Christiane Süßel | Börsen-Kurier

Die dunklen Wolken am deutschen Konjunkturhimmel lichten sich. Gleich zwei positive Nachrichten pusten die schlechte Stimmung beharrlich zur Seite. Da ist die Meldung vom Statistischen Bundesamt, dass die deutsche Wirtschaft im dritten Quartal nicht wie im zweiten Quartal (-0,2 %) geschrumpft ist. Zwar kam das Bruttoinlandsprodukt (BIP) zwischen Juli und September nur um magere 0,1 % voran, doch die Analysten hatten mit einem Rückgang um 0,1 % gerechnet.

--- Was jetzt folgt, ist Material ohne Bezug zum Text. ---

(* Consider ${\rm CHC}_R(\mathbf k,\mathbf n,\lambda)$ under regime (A1), and let $$(\hat I_1,\dots,\hat I_d)\in\arg\max_{I_i\subseteq[n_i],\,|I_i|=k_i}\ \sum_{i_1\in I_1}\cdots\sum_{i_d\in I_d}\mathcal Y_{[i_1,\dots,i_d]}.$$ There exists $C_0>0$ (depending only on $d$) such that if $$\lambda\ge C_0\sqrt{\frac{\sum_{i=1}^d\log(n_i-k_i)}{\min_{1\le i\le d}\prod_{z\ne i}k_z}},$$ then $(\hat I_1,\dots,\hat I_d)=S(\mathcal X)$ with probability at least $1-C\sum_{i=1}^d(n_i-k_i)^{-c}$ for some constants $c,C>0$, uniformly over $\mathcal X\in\mathscr X_{\rm CHC}(\mathbf k,\mathbf n,\lambda)$. Moreover, under regime (A2), this estimator achieves reliable recovery (risk $\to0$) whenever $\beta<(d-1)\alpha/2$.
   Context: Model: $\mathcal Y=\mathcal X+\mathcal Z\in\mathbb R^{n_1\times\cdots\times n_d}$, $\mathcal Z$ with i.i.d. $N(0,1)$ entries. $\mathscr X_{\rm CHC}(\mathbf k,\mathbf n,\lambda)=\{\lambda'\mathbf 1_{I_1}\circ\cdots\circ\mathbf 1_{I_d}: I_i\subseteq[n_i],|I_i|=k_i,\lambda'\ge\lambda\}$, where $\mathbf 1_I$ is the indicator vector of $I$; $S(\mathcal X)=(I_1,\dots,I_d)$. Regime (A1): for all $i$, $n_i\to\infty$, $k_i\to\infty$, $k_i/n_i\to0$. Regime (A2): fixed $\alpha\in[0,1]$, $\beta\in\mathbb R$; $n\to\infty$, $n_1=\dots=n_d$ with $\log n_i/\log n\to1$, $k_i=k$ with $\log k/\log n\to\alpha$, $\log(1/\lambda)/\log n\to\beta$. *)

theory Defs
  imports "HOL-Probability.Probability"
begin

text \<open>Order-d tensors of size n 0 x ... x n (d-1): multi-indices are extensional
  functions i :: nat => nat with i j < n j for j < d.\<close>
definition tidx :: "nat \<Rightarrow> (nat \<Rightarrow> nat) \<Rightarrow> (nat \<Rightarrow> nat) set" where
  "tidx d n = PiE {..<d} (\<lambda>j. {..<n j})"

definition supports :: "nat \<Rightarrow> (nat \<Rightarrow> nat) \<Rightarrow> (nat \<Rightarrow> nat) \<Rightarrow> (nat \<Rightarrow> nat set) set" where
  "supports d n k = PiE {..<d} (\<lambda>j. {A. A \<subseteq> {..<n j} \<and> card A = k j})"

definition chc_tensor :: "nat \<Rightarrow> real \<Rightarrow> (nat \<Rightarrow> nat set) \<Rightarrow> (nat \<Rightarrow> nat) \<Rightarrow> real" where
  "chc_tensor d lam I = (\<lambda>i. lam * (\<Prod>j<d. indicator (I j) (i j)))"

definition noise :: "nat \<Rightarrow> (nat \<Rightarrow> nat) \<Rightarrow> ((nat \<Rightarrow> nat) \<Rightarrow> real) measure" where
  "noise d n = PiM (tidx d n) (\<lambda>_. density lborel std_normal_density)"

definition score :: "nat \<Rightarrow> ((nat \<Rightarrow> nat) \<Rightarrow> real) \<Rightarrow> (nat \<Rightarrow> nat set) \<Rightarrow> real" where
  "score d Y I = (\<Sum>i\<in>PiE {..<d} I. Y i)"

text \<open>Event that every maximiser of the score (over all feasible supports), computed
  from Y = X + Z with X = chc_tensor d lam I, equals S(X) = I.\<close>
definition recovery_event ::
  "nat \<Rightarrow> (nat \<Rightarrow> nat) \<Rightarrow> (nat \<Rightarrow> nat) \<Rightarrow> real \<Rightarrow> (nat \<Rightarrow> nat set) \<Rightarrow> ((nat \<Rightarrow> nat) \<Rightarrow> real) set" where
  "recovery_event d n k lam I =
     {Z \<in> space (noise d n). \<forall>J\<in>supports d n k. J \<noteq> I \<longrightarrow>
        score d (\<lambda>i. chc_tensor d lam I i + Z i) J < score d (\<lambda>i. chc_tensor d lam I i + Z i) I}"

definition success_prob :: "nat \<Rightarrow> (nat \<Rightarrow> nat) \<Rightarrow> (nat \<Rightarrow> nat) \<Rightarrow> real \<Rightarrow> (nat \<Rightarrow> nat set) \<Rightarrow> real" where
  "success_prob d n k lam I = measure (noise d n) (recovery_event d n k lam I)"

text \<open>Worst-case risk over the class CHC(k,n,lam): sup over X of P(estimate \<noteq> S(X)).\<close>
definition chc_risk :: "nat \<Rightarrow> (nat \<Rightarrow> nat) \<Rightarrow> (nat \<Rightarrow> nat) \<Rightarrow> real \<Rightarrow> real" where
  "chc_risk d n k lam =
     (SUP p\<in>{(I, l). I \<in> supports d n k \<and> lam \<le> l}. 1 - success_prob d n k (snd p) (fst p))"

end

theory Submission
  imports Defs "HOL-Real_Asymp.Real_Asymp"
begin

Mit dem leicht positiven Wert sei Deutschland „um Haaresbreite“ an einer technischen Rezession vorbeigeschrammt, kommentieren die Analysten der Deutschen Bank. (Anm.: Eine technische Rezession ist gegeben, wenn in zwei aufeinanderfolgenden Quartalen das BIP zurückfällt.) Der unerwartete BIP-Anstieg fußt in den Augen von Katharina Utermöhl, Analystin bei der Allianz, vor allem auf der weiter robusten Binnennachfrage, allen voran steigenden Bauinvestitionen, die den Gegenwind seitens des Außenhandels wettmachten. Sie sieht dennoch keinen Grund zum Feiern, denn auch infolge des verhaltenden Welthandels und der lahmenden Automobilbranche sei in den kommenden Quartalen bestenfalls mit einem Mini-Wachstum zu rechnen. Da die Industrieschwäche auf die Binnennachfrage abfärbe, bleibe auch 2020 das Rezessionsrisiko erhöht. Nord LB-Chefökonom Christian Lips sieht immerhin den Beginn einer Bodenbildung: „Nicht mehr, und nicht weniger.“

Dabei sind etwa die Finanzexperten, denen das Zentrum für Europäische Wirtschaftsforschung (ZEW) monatlich den Puls fühlt, im November besserer Laune. Mitten im warmen August waren ihre Konjunkturerwartungen mit -44,1 Punkten auf einen eisigen Tiefstand eingebrochen und hatten sich im Oktober auf -22,8 Zähler erholt. Nun blicken sie deutlich optimistischer in die kommenden Monate. Der ZEW-Erwartungsindex springt um satte 20,7 Zähler auf -2,1 Punkte, bewegt sich damit aber immer noch auf dünnem Eis. Zudem tragen die Finanzprofis beim Blick auf die aktuelle Lage keine rosarote Brille. Der ZEW-Lagewert ist mit -24,7 Punkten weiterhin alles andere als berauschend. Als Treiber für den Stimmungsaufschwung sieht ZEW-Präsident Achim Wambach die gestiegenen Hoffnungen, „dass sich das internationale wirtschaftspolitische Umfeld in der näheren Zukunft verbessern wird.“ Auch der Chefökonom der VP Bank Thomas Gitzel hofft, dass vorerst das Schlimmste an Hiobsbotschaften hinter der deutschen Volkswirtschaft liegt: „Einige Stolpersteine scheinen aus dem Weg geräumt.“ Allerdings richteten sich die ZEW-Konjunkturerwartungen mit ihren Scheinwerfern bereits in das Jahr 2020: „Wenn sich Konjunkturfrühindikatoren verbessern, sprechen wir nicht über Wachstumsraten von 2 %, sondern vielmehr von einem BIP-Zuwachs in der Größenordnung zwischen 0,5 und 1,0 %“, bremst er die Euphorie. Immerhin korrigiert auch die Deutsche Bank ihre BIP-Prognose für 2019 von 0,3 auf nun 0,5 % nach oben.

Dreh- und Angelpunkte für den Ausblick der deutschen Wirtschaft seien die Entwicklungen an der Handelsfront. 2020 könnte das BIP bei 1 % liegen, so die Schätzung der Deutschen Bank. Das wäre immer noch deutlich besser als das BIP-Plus im laufenden Jahr.